Reach Indians and South East Asians living in Australia



Yoga is a practice of the body and the mind. It’s not just a series of stretching exercises, but also a window to the soul. However, not all of us do yoga the same way. With tongue firmly in cheek, we suggest five different types of yoga practitioner. Can you spot which one of them you are?

What? There are kinds of yoga practitioners?

Yes, Dear Reader. Not everyone who does yoga achieve the same zen-like state. As they say in Buddhist philosophy, your zen is different to my zen.

Ours is not to judge but just to observe. If you’re trying to nail pigeon pose and there is a definite itch on your tailbone, don’t try to scratch it, they say. Observe it, instead. Classify it into what kind of pain it is. And then just smile serenely at it.

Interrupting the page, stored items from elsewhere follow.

(* For every $k\ge 1$, the bi-hypergraph obtained from $\mathcal H_{2k}$ by adding two new vertices $u$ and $v$, removing the edge $\{v_{1,1},v_{1,2},v_{1,3}\}$, and adding the edges $\{u,v_{1,1},v_{1,2}\}$, $\{v,v_{1,2},v_{1,3}\}$, and $\{u,v_{1,j},v_{2k,3-j}\}$ and $\{v,v_{1,j+1},v_{2k,4-j}\}$ for all $j\in[2]$, is minimal uncolorable.
   Context: A bi-hypergraph $\mathcal H=(V,E)$ consists of a finite vertex set $V$ and a set $E$ of subsets of $V$, called edges, with no edge contained in another. A mapping $f:V\to\mathbb N$ is a proper coloring of $\mathcal H$ if $1<|f(e)|<|e|$ for every $e\in E$, where $f(e)=\{f(x):x\in e\}$. $\mathcal H$ is colorable if it has a proper coloring, and uncolorable otherwise. A subhypergraph of $\mathcal H$ is a bi-hypergraph $(V',E')$ with $V'\subseteq V$, $E'\subseteq E$; $\mathcal H$ is minimal uncolorable if it is uncolorable but every proper subhypergraph of it is colorable. For $k\ge 2$, $\mathcal H_k$ is the $3$-uniform bi-hypergraph with vertex set $\{v_{i,j}: i\in[k], j\in[3]\}$ (all distinct), with the convention $v_{i,4}=v_{i,1}$, $v_{i,5}=v_{i,2}$, whose edges are the sets $\{v_{i,1},v_{i,2},v_{i,3}\}$ for all $i\in[k]$ and the sets $\{v_{q+1,j},v_{q,j},v_{q,j+t}\}$ for all $q\in[k-1]$, $j\in[3]$, $t\in\{1,2\}$. *)

theory Defs
  imports Main
begin

definition bihypergraph :: "'a set \<Rightarrow> 'a set set \<Rightarrow> bool" where
  "bihypergraph V E \<longleftrightarrow> finite V \<and> (\<forall>e\<in>E. e \<subseteq> V)
     \<and> (\<forall>e\<in>E. \<forall>e'\<in>E. e \<subseteq> e' \<longrightarrow> e = e')"

definition proper_coloring :: "'a set set \<Rightarrow> ('a \<Rightarrow> nat) \<Rightarrow> bool" where
  "proper_coloring E f \<longleftrightarrow> (\<forall>e\<in>E. 1 < card (f ` e) \<and> card (f ` e) < card e)"

definition colorable :: "'a set \<Rightarrow> 'a set set \<Rightarrow> bool" where
  "colorable V E \<longleftrightarrow> (\<exists>f. proper_coloring E f)"

definition minimal_uncolorable :: "'a set \<Rightarrow> 'a set set \<Rightarrow> bool" where
  "minimal_uncolorable V E \<longleftrightarrow> bihypergraph V E \<and> \<not> colorable V E \<and>
     (\<forall>V' E'. bihypergraph V' E' \<and> V' \<subseteq> V \<and> E' \<subseteq> E \<and> (V', E') \<noteq> (V, E)
        \<longrightarrow> colorable V' E')"

text \<open>Vertices: Vx i j stands for v_{i,j}; U and W stand for the new vertices u and v.\<close>
datatype vert = Vx nat nat | U | W

text \<open>v_{i,j} with the convention v_{i,4} = v_{i,1}, v_{i,5} = v_{i,2} (for j \<ge> 1).\<close>
definition vv :: "nat \<Rightarrow> nat \<Rightarrow> vert" where
  "vv i j = Vx i ((j - 1) mod 3 + 1)"

definition HV :: "nat \<Rightarrow> vert set" where
  "HV k = {vv i j | i j. i \<in> {1..k} \<and> j \<in> {1..3}}"

definition HE :: "nat \<Rightarrow> vert set set" where
  "HE k = {{vv i 1, vv i 2, vv i 3} | i. i \<in> {1..k}}
        \<union> {{vv (q+1) j, vv q j, vv q (j+t)} | q j t. q \<in> {1..k-1} \<and> j \<in> {1..3} \<and> t \<in> {1,2}}"

definition GV :: "nat \<Rightarrow> vert set" where
  "GV k = HV (2*k) \<union> {U, W}"

definition GE :: "nat \<Rightarrow> vert set set" where
  "GE k = (HE (2*k) - {{vv 1 1, vv 1 2, vv 1 3}})
        \<union> {{U, vv 1 1, vv 1 2}, {W, vv 1 2, vv 1 3}}
        \<union> {{U, vv 1 j, vv (2*k) (3-j)} | j. j \<in> {1..2}}
        \<union> {{W, vv 1 (j+1), vv (2*k) (4-j)} | j. j \<in> {1..2}}"

end

theory Submission
  imports Defs
begin

text \<open>A proper colouring gives every edge exactly two colours. If the colour triples of two
consecutive layers are both two-valued, the six edges between them force the later layer to
carry its odd colour at the same position as the earlier one, with the two colours exchanged.
Hence layer 2k repeats layer 2, and since layer 2 is in turn linked to layer 1, no choice of
colours for u and v satisfies the six edges through them. Conversely, after deleting any one
edge there is a colouring whose layers alternate between a triple and its swap, with the only
break of the alternation placed at the deleted edge.\<close>

definition two_valued :: "nat \<Rightarrow> nat \<Rightarrow> nat \<Rightarrow> bool" where
  "two_valued a b c \<longleftrightarrow> \<not> (a = b \<and> b = c) \<and> (a = b \<or> b = c \<or> a = c)"

lemma proper_on_triple_iff:
  assumes "x \<noteq> y" "y \<noteq> z" "x \<noteq> z"
  shows "1 < card (f ` {x, y, z}) \<and> card (f ` {x, y, z}) < card {x, y, z}
    \<longleftrightarrow> two_valued (f x) (f y) (f z)"
  using assms by (auto simp: two_valued_def card_insert_if)

definition linked :: "nat \<Rightarrow> nat \<Rightarrow> nat \<Rightarrow> nat \<Rightarrow> nat \<Rightarrow> nat \<Rightarrow> bool" where
  "linked a1 a2 a3 b1 b2 b3 \<longleftrightarrow>
     two_valued b1 a1 a2 \<and> two_valued b1 a1 a3 \<and> two_valued b2 a2 a3 \<and> two_valued b2 a2 a1
     \<and> two_valued b3 a3 a1 \<and> two_valued b3 a3 a2"

lemma linked_linked_eq:
  assumes "two_valued a1 a2 a3" "two_valued b1 b2 b3" "two_valued c1 c2 c3"
    and "linked a1 a2 a3 b1 b2 b3" "linked b1 b2 b3 c1 c2 c3"
  shows "c1 = a1 \<and> c2 = a2 \<and> c3 = a3"
  using assms unfolding two_valued_def linked_def by smt

text \<open>Here \<open>a\<close> is the colour triple of layer 1 and \<open>b\<close> that of layer 2, which is also the
colour triple of layer 2k.\<close>
lemma closing_gadget_impossible:
  assumes "two_valued b1 b2 b3" "linked a1 a2 a3 b1 b2 b3"
    and "two_valued u a1 a2" "two_valued w a2 a3"
    and "two_valued u a1 b2" "two_valued u a2 b1" "two_valued w a2 b3" "two_valued w a3 b2"
  shows False
  using assms unfolding two_valued_def linked_def by smt

text \<open>Indices reach \<open>vv\<close> both as numerals and, after arithmetic such as \<open>j + t\<close>,
in \<open>Suc\<close> form.\<close>
lemma vv_eval [simp]:
  "vv i 1 = Vx i 1" "vv i 2 = Vx i 2" "vv i 3 = Vx i 3" "vv i 4 = Vx i 1" "vv i 5 = Vx i 2"
  "vv i (Suc 0) = Vx i 1" "vv i (Suc (Suc 0)) = Vx i 2" "vv i (Suc (Suc (Suc 0))) = Vx i 3"
  "vv i (Suc (Suc (Suc (Suc 0)))) = Vx i 1" "vv i (Suc (Suc (Suc (Suc (Suc 0))))) = Vx i 2"
  by (simp_all add: vv_def)

datatype edge_name = Layer nat | Link nat nat nat | U_base | W_base | U_edge nat | W_edge nat

fun triple :: "nat \<Rightarrow> edge_name \<Rightarrow> vert \<times> vert \<times> vert" where
  "triple k (Layer i) = (vv i 1, vv i 2, vv i 3)"
| "triple k (Link q j t) = (vv (q+1) j, vv q j, vv q (j+t))"
| "triple k U_base = (U, vv 1 1, vv 1 2)"
| "triple k W_base = (W, vv 1 2, vv 1 3)"
| "triple k (U_edge j) = (U, vv 1 j, vv (2*k) (3-j))"
| "triple k (W_edge j) = (W, vv 1 (j+1), vv (2*k) (4-j))"

definition edge :: "nat \<Rightarrow> edge_name \<Rightarrow> vert set" where
  "edge k d = (case triple k d of (x, y, z) \<Rightarrow> {x, y, z})"

definition edge_names :: "nat \<Rightarrow> edge_name set" where
  "edge_names k = Layer ` {2..2*k}
     \<union> {Link q j t | q j t. q \<in> {1..2*k-1} \<and> j \<in> {1,2,3} \<and> t \<in> {1,2}}
     \<union> {U_base, W_base} \<union> U_edge ` {1,2} \<union> W_edge ` {1,2}"

lemma edge_names_cases [consumes 1, case_names Layer Link U_base W_base U_edge W_edge]:
  assumes "d \<in> edge_names k"
  obtains (Layer) i where "d = Layer i" "2 \<le> i" "i \<le> 2*k"
  | (Link) q j t where "d = Link q j t" "1 \<le> q" "q < 2*k" "j \<in> {1,2,3}" "t \<in> {1,2}"
  | (U_base) "d = U_base"
  | (W_base) "d = W_base"
  | (U_edge) j where "d = U_edge j" "j \<in> {1,2}"
  | (W_edge) j where "d = W_edge j" "j \<in> {1,2}"
  using assms unfolding edge_names_def by fastforce

lemma ball_edge_names_iff:
  "(\<forall>d\<in>edge_names k. P d) \<longleftrightarrow>
     (\<forall>i\<in>{2..2*k}. P (Layer i)) \<and> (\<forall>q\<in>{1..2*k-1}. \<forall>j\<in>{1,2,3}. \<forall>t\<in>{1,2}. P (Link q j t))
     \<and> P U_base \<and> P W_base \<and> P (U_edge 1) \<and> P (U_edge 2) \<and> P (W_edge 1) \<and> P (W_edge 2)"
  unfolding edge_names_def by auto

We’re applying this observe-classify-smile routine to the kinds of yoga practitioners you see around you. Bear in mind, though, that we don’t judge.

1. The shaker
No matter how much the teacher tells you that you must not exert yourself and that you must maintain control of your body at all times, there is always that one student in every class who is trying like hell to balance himself (it’s somehow always a he; women tend to be dainty as daisies) on one hand and shaking everywhere like a leaf on a tree during a winter storm. There is a lot of huffing and puffing, and there may be a bit of grunting too. The latter is quite common if said practitioner has a history of being a gym user.

2. The hottie
Come on, you knew this was coming. An unverified study suggests that a full 47.5% of people who join yoga class do so in the hope of meeting a hot person. These hotties come in both genders and all sizes. They usually know who they are, so they wear stretchable pants or sleeveless vests to show off their bodies. They’re often found with grim-set expressions, and strut about as if they’re the only people in the room.

3. The nerd
We guess ever class has one, and yoga classes are no different. This is the person who insists on never allowing the teacher to complete more than two sentences at once without butting in with a question or – as they call it – a ‘doubt’. They also insist on never calling the poses by their English names. So it’s never the Cobbler Pose with these folks: it’s always the Baddha Konasana. Sometimes they can overreach and try to fit two of these names into one English sentence, and end up stuttering. When this happens, laugh at them if you must, but be aware that such silliness doesn’t deter these guys.

4. The teacher’s pet
Often the teacher’s pet is also the nerd, and it can also sometimes be the hottie (but it’s never the shaker). But during times when it is not, you can recognise the teacher’s pet by closely following the teacher’s eyes and her expressions when he or she talks to a student. Generally speaking, a teacher’s pet has three attributes: she doesn’t take the front row (because she knows she’s the teacher’s pet, duh), her form is flawless, and she is often found helping those less fortunate around her.

5. The Shavasana skipper
We saw this surprisingly in just about every class we observed. There’s always a person who is always fidgeting throughout the class, and when the teacher asks everyone to spend five minutes in shavasana, that is five minutes too many for our busy man. He gets up, packs his bag, signals ruefully to his teacher that he has a business meeting to attend, and bolts.